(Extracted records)
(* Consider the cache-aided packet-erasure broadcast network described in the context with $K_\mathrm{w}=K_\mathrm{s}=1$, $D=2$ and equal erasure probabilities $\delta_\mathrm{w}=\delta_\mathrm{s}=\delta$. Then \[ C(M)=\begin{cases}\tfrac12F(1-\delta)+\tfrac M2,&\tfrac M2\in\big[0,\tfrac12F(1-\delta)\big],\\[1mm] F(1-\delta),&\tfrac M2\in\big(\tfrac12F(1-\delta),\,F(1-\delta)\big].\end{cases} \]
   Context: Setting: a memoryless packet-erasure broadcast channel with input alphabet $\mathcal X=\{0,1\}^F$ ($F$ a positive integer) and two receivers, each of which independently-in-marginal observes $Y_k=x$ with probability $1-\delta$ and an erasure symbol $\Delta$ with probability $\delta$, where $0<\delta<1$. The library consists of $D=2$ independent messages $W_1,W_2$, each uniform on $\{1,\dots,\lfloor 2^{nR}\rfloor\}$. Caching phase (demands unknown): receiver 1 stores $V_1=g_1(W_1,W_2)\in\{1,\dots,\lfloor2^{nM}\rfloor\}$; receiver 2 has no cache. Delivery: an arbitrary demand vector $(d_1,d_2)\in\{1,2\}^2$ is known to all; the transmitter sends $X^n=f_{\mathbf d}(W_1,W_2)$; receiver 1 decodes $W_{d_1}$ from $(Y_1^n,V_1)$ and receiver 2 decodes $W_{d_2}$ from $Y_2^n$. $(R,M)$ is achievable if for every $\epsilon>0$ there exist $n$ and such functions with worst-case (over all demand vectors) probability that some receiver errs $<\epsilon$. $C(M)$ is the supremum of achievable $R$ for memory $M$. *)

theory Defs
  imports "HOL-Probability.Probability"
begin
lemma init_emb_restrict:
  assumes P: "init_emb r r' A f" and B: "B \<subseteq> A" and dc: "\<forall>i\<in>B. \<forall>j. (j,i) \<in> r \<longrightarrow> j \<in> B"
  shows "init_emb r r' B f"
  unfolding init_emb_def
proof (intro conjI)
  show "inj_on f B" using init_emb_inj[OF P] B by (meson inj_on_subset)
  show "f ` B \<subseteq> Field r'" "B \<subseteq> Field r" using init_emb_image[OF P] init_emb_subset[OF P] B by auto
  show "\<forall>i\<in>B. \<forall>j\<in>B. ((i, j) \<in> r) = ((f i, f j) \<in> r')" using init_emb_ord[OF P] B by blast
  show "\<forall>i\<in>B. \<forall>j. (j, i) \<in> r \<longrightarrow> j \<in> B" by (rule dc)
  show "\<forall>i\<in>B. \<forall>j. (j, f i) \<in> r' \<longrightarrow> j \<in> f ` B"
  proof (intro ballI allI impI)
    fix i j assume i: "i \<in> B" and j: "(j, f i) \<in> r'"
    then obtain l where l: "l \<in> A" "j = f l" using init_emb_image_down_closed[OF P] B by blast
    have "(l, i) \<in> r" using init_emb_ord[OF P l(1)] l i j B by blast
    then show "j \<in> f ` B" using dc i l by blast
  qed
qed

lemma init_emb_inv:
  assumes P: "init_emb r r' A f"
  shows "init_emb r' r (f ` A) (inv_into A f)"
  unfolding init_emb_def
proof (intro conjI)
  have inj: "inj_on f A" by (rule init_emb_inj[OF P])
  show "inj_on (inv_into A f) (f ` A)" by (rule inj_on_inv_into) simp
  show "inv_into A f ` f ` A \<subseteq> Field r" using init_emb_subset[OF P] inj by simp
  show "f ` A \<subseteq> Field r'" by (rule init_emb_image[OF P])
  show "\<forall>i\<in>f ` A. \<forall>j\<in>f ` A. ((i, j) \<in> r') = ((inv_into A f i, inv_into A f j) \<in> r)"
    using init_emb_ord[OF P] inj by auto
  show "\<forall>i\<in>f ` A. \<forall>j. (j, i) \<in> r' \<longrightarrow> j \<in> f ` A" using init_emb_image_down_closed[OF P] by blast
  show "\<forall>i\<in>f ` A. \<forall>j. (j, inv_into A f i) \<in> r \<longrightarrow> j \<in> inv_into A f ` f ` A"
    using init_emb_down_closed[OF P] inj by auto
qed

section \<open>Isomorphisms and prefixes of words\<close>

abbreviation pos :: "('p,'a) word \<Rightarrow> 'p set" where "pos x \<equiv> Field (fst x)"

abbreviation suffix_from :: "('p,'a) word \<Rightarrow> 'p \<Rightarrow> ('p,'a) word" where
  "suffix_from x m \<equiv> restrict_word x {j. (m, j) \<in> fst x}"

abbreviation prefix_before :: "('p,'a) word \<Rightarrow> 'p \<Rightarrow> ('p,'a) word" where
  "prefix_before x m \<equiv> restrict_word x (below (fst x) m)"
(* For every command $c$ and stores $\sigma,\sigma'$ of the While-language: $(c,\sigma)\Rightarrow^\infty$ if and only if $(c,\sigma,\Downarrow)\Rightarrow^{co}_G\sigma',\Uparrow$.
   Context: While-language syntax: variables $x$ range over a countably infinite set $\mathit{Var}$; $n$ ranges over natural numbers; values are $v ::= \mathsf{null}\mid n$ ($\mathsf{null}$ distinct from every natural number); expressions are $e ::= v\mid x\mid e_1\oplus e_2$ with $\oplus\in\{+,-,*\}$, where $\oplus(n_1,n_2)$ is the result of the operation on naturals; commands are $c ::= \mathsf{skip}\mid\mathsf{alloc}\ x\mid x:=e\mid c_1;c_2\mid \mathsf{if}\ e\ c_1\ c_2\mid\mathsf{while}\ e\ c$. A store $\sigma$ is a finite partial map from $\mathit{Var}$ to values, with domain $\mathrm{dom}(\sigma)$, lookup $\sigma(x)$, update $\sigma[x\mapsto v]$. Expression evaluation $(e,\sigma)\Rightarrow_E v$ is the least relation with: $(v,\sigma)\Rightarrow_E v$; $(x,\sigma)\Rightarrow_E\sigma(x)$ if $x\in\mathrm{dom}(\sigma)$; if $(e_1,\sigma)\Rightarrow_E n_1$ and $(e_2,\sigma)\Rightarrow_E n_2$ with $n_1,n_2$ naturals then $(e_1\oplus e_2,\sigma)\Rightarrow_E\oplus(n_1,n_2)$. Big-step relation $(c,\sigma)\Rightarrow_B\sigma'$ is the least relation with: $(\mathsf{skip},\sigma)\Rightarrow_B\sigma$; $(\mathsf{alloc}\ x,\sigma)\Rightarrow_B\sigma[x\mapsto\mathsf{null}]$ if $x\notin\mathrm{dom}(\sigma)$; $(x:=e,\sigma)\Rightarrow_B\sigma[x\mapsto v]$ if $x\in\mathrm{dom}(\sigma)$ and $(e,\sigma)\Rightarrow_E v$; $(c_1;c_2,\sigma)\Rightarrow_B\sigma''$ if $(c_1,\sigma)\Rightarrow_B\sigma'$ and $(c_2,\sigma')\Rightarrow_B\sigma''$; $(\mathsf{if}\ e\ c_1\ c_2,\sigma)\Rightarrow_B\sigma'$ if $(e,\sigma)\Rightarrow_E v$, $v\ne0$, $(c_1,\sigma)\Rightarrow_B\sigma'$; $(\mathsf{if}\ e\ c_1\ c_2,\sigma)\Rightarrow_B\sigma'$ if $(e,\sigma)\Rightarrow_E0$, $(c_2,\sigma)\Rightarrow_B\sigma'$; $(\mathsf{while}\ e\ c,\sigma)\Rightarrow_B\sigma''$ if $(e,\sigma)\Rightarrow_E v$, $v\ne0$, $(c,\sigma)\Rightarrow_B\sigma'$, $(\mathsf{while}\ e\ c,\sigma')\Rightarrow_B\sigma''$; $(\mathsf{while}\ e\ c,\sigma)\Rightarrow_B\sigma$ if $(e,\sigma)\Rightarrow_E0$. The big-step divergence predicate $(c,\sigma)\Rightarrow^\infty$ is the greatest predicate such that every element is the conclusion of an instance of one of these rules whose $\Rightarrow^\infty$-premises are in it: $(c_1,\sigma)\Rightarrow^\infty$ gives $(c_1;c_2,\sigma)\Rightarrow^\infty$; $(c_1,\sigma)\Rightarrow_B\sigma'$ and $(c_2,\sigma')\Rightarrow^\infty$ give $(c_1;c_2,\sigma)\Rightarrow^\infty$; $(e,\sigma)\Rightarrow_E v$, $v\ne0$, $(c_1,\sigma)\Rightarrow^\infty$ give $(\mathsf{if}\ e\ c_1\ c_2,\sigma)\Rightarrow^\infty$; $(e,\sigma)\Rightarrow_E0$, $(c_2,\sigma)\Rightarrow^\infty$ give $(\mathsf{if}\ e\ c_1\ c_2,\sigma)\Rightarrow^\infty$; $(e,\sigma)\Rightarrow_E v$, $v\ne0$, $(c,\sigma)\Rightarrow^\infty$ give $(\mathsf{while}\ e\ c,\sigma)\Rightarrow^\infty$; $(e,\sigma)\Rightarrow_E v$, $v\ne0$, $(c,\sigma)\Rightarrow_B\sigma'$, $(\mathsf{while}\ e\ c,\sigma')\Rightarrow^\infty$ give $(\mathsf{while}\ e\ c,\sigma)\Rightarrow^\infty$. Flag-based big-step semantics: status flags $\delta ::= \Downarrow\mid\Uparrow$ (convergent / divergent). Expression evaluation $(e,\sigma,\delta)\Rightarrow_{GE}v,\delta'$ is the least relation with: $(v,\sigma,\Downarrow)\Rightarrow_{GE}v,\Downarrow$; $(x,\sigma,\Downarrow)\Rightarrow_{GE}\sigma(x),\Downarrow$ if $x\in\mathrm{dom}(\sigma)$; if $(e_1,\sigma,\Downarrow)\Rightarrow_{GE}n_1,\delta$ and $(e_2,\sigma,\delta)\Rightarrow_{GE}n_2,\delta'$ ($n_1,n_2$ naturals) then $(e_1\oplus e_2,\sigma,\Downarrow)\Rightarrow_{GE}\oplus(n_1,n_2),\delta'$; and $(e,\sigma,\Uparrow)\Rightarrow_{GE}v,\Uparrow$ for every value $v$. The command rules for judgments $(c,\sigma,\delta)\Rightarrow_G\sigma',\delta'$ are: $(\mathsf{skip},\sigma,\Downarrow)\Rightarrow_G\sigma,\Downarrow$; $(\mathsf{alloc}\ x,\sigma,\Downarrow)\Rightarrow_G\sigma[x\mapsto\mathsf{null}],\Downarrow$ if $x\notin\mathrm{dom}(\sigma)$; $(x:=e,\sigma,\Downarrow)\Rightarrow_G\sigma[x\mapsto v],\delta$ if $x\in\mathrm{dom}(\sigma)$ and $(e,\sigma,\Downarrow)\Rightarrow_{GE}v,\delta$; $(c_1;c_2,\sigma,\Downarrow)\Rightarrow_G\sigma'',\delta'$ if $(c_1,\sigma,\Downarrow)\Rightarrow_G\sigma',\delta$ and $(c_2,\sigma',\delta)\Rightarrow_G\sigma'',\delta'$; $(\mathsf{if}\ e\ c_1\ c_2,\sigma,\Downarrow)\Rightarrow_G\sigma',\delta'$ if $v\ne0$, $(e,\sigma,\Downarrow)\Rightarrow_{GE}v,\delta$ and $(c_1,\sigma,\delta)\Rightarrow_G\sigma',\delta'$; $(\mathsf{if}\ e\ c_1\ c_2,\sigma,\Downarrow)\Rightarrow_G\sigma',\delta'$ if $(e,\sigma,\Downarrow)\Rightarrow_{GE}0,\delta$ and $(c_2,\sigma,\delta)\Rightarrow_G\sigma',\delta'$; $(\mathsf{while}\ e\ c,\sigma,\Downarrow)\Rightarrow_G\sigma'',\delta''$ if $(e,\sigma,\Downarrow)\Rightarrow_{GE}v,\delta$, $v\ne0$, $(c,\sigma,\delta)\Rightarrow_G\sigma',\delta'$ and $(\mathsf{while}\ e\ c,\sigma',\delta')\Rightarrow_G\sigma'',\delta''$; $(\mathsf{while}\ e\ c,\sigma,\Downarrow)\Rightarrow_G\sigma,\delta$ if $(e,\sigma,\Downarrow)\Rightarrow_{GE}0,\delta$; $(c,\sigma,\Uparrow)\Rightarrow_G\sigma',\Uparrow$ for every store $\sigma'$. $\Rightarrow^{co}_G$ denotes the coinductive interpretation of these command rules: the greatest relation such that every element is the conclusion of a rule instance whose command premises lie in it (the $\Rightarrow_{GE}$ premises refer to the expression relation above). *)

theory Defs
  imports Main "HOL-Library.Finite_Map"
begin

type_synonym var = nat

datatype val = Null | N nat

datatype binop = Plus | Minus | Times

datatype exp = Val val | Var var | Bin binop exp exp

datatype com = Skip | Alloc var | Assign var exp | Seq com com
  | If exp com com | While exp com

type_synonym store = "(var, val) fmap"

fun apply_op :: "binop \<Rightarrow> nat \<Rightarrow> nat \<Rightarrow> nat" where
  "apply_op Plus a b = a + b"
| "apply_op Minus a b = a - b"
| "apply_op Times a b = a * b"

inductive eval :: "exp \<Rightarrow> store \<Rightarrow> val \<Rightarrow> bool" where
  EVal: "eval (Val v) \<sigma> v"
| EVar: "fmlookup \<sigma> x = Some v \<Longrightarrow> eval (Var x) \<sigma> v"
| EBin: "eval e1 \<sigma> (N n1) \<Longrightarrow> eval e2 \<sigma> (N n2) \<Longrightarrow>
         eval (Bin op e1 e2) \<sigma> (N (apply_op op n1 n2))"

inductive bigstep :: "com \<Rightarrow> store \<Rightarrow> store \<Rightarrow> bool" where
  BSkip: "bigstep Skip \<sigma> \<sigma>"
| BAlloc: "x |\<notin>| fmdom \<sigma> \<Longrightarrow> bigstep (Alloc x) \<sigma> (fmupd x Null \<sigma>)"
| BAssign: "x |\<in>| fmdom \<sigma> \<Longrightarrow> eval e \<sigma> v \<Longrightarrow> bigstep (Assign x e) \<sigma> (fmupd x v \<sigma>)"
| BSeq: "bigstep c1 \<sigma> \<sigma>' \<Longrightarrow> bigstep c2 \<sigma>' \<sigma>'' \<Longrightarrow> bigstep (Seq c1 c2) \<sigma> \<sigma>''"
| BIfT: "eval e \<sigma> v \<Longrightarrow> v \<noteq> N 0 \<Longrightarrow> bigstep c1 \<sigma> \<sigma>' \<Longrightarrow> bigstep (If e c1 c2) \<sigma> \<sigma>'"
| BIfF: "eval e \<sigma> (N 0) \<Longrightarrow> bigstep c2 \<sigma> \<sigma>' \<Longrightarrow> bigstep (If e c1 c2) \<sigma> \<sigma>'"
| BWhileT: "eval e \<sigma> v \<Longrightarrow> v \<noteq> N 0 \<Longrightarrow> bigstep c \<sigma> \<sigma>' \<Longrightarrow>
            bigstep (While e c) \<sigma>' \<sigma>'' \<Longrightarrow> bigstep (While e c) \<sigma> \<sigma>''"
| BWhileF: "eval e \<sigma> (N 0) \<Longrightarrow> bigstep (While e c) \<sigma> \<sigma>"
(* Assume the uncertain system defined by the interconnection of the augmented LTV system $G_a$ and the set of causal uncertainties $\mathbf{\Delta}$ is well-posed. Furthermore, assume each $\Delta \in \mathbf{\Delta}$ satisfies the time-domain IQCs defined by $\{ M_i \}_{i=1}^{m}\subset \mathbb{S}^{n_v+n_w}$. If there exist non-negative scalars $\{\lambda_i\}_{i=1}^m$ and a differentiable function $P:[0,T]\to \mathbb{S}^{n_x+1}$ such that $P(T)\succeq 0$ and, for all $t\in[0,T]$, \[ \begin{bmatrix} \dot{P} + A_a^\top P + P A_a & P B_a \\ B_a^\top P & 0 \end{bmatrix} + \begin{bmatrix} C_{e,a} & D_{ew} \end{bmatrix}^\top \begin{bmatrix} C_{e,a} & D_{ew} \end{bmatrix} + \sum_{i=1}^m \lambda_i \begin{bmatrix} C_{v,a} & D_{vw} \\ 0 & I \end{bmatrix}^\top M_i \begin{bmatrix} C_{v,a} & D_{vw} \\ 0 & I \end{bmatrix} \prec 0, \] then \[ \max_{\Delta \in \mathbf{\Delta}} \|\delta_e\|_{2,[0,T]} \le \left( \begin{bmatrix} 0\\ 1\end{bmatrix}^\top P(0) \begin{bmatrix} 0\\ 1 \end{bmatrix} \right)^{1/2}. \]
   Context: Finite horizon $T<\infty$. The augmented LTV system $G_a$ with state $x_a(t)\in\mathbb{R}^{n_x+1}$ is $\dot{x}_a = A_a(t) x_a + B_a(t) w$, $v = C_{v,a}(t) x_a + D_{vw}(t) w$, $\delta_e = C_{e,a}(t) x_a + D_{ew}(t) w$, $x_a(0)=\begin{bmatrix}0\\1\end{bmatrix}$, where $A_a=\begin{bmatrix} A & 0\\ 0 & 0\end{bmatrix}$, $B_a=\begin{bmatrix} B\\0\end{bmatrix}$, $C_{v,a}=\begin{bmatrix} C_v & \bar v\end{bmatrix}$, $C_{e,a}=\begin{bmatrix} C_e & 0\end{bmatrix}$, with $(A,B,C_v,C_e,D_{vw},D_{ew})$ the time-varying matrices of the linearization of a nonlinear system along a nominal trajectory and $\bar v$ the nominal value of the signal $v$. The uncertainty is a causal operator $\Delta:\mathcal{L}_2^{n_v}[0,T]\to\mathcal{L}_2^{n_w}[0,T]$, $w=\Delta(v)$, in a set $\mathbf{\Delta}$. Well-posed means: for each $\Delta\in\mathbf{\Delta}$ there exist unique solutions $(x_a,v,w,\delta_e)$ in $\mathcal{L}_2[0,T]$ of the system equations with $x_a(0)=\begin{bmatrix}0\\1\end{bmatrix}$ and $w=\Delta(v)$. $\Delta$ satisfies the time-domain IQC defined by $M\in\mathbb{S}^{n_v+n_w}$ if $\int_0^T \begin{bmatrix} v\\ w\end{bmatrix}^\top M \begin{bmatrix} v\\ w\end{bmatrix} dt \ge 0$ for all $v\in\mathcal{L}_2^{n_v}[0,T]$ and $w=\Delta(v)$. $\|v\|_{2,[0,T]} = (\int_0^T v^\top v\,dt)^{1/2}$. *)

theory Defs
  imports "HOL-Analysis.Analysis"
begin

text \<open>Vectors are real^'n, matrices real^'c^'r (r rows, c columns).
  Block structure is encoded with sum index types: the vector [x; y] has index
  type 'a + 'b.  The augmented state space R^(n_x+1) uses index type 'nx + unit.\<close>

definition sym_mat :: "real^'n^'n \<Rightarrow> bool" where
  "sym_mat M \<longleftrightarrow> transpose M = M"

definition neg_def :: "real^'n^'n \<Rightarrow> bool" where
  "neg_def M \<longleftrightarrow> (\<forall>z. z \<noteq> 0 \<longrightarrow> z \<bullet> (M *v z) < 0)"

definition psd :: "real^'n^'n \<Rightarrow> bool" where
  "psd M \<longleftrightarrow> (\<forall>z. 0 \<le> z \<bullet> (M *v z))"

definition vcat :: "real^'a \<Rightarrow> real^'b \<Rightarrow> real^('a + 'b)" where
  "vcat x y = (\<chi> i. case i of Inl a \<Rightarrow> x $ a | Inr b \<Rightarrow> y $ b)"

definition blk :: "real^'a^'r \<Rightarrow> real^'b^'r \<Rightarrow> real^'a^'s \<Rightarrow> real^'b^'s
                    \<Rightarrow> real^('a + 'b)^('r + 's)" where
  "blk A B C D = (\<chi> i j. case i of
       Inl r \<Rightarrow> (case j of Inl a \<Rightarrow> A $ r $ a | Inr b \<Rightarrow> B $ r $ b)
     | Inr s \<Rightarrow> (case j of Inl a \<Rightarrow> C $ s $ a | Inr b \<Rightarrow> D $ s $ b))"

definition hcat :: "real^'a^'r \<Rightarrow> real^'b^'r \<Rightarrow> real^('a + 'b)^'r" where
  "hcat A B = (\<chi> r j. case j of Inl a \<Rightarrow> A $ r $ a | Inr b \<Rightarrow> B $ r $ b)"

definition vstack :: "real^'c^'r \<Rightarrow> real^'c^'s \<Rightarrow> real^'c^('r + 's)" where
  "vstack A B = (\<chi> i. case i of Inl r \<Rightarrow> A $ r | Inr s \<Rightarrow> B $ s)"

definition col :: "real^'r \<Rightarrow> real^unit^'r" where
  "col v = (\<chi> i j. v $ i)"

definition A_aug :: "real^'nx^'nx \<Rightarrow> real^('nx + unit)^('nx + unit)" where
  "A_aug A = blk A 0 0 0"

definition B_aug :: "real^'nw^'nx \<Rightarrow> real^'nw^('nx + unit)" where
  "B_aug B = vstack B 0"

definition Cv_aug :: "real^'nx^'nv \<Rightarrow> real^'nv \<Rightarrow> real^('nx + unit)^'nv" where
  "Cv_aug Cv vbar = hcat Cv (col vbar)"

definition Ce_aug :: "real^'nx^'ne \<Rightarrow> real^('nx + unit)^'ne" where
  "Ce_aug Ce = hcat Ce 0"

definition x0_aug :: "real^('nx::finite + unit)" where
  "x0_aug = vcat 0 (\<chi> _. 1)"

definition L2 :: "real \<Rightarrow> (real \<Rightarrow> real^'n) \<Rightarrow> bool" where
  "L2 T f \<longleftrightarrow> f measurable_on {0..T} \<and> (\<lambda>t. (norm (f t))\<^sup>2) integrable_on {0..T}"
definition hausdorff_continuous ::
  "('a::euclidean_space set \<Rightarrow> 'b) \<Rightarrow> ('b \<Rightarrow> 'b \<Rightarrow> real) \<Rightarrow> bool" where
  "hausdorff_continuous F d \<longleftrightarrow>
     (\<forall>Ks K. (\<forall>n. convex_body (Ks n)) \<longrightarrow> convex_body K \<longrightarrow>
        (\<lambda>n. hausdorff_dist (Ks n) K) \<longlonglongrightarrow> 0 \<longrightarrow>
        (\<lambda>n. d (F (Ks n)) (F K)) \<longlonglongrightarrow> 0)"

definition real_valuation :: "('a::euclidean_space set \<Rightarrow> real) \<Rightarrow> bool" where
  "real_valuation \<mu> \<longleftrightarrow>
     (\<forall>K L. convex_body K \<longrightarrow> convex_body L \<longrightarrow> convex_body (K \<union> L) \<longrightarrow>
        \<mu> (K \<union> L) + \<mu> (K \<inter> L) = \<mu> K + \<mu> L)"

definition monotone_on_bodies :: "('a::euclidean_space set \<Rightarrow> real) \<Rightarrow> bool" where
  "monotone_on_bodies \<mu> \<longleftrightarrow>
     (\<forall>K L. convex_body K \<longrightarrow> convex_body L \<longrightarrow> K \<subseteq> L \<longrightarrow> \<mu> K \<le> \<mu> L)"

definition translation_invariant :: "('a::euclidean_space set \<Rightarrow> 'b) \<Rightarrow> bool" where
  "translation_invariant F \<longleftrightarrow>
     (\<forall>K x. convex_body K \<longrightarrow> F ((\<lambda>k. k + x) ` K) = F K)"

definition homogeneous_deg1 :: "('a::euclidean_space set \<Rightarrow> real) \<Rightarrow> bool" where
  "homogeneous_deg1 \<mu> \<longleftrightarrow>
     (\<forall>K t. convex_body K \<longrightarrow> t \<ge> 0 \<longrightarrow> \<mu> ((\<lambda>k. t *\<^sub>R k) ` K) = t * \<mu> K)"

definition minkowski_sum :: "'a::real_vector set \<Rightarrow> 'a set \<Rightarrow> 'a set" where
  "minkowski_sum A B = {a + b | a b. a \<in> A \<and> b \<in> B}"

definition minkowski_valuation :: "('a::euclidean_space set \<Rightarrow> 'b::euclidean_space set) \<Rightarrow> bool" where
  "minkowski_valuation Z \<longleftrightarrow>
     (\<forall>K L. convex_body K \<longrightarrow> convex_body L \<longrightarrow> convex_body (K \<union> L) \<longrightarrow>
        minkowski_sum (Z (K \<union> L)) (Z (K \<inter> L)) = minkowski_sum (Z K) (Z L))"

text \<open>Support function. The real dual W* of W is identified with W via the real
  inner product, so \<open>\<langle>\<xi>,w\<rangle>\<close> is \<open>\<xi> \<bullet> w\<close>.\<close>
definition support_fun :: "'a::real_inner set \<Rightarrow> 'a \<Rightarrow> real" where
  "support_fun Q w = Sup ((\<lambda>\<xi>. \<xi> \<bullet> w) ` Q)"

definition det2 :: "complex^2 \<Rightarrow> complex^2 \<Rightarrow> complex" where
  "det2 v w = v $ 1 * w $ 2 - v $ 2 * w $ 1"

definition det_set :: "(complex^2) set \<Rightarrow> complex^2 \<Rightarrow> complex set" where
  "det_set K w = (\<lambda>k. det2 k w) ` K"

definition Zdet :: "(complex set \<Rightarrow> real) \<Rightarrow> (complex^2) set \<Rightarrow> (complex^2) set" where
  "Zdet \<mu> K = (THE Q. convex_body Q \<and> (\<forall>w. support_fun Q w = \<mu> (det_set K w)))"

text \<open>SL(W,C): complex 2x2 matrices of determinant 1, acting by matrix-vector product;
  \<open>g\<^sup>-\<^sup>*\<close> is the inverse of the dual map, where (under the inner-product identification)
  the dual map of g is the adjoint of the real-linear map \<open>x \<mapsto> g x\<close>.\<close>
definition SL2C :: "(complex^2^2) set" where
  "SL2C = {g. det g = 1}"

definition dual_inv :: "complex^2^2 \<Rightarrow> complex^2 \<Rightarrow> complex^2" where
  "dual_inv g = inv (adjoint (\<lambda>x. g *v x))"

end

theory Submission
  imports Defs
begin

» **AIM OF THE EXERCISE**
Of the lines above, output exactly those from the line bearing "Times a b = a" through the line bearing "0) \<Longrightarrow> bigstep (While", inclusive.

» **SOLUTION**
| "apply_op Times a b = a * b"

inductive eval :: "exp \<Rightarrow> store \<Rightarrow> val \<Rightarrow> bool" where
  EVal: "eval (Val v) \<sigma> v"
| EVar: "fmlookup \<sigma> x = Some v \<Longrightarrow> eval (Var x) \<sigma> v"
| EBin: "eval e1 \<sigma> (N n1) \<Longrightarrow> eval e2 \<sigma> (N n2) \<Longrightarrow>
         eval (Bin op e1 e2) \<sigma> (N (apply_op op n1 n2))"

inductive bigstep :: "com \<Rightarrow> store \<Rightarrow> store \<Rightarrow> bool" where
  BSkip: "bigstep Skip \<sigma> \<sigma>"
| BAlloc: "x |\<notin>| fmdom \<sigma> \<Longrightarrow> bigstep (Alloc x) \<sigma> (fmupd x Null \<sigma>)"
| BAssign: "x |\<in>| fmdom \<sigma> \<Longrightarrow> eval e \<sigma> v \<Longrightarrow> bigstep (Assign x e) \<sigma> (fmupd x v \<sigma>)"
| BSeq: "bigstep c1 \<sigma> \<sigma>' \<Longrightarrow> bigstep c2 \<sigma>' \<sigma>'' \<Longrightarrow> bigstep (Seq c1 c2) \<sigma> \<sigma>''"
| BIfT: "eval e \<sigma> v \<Longrightarrow> v \<noteq> N 0 \<Longrightarrow> bigstep c1 \<sigma> \<sigma>' \<Longrightarrow> bigstep (If e c1 c2) \<sigma> \<sigma>'"
| BIfF: "eval e \<sigma> (N 0) \<Longrightarrow> bigstep c2 \<sigma> \<sigma>' \<Longrightarrow> bigstep (If e c1 c2) \<sigma> \<sigma>'"
| BWhileT: "eval e \<sigma> v \<Longrightarrow> v \<noteq> N 0 \<Longrightarrow> bigstep c \<sigma> \<sigma>' \<Longrightarrow>
            bigstep (While e c) \<sigma>' \<sigma>'' \<Longrightarrow> bigstep (While e c) \<sigma> \<sigma>''"
| BWhileF: "eval e \<sigma> (N 0) \<Longrightarrow> bigstep (While e c) \<sigma> \<sigma>"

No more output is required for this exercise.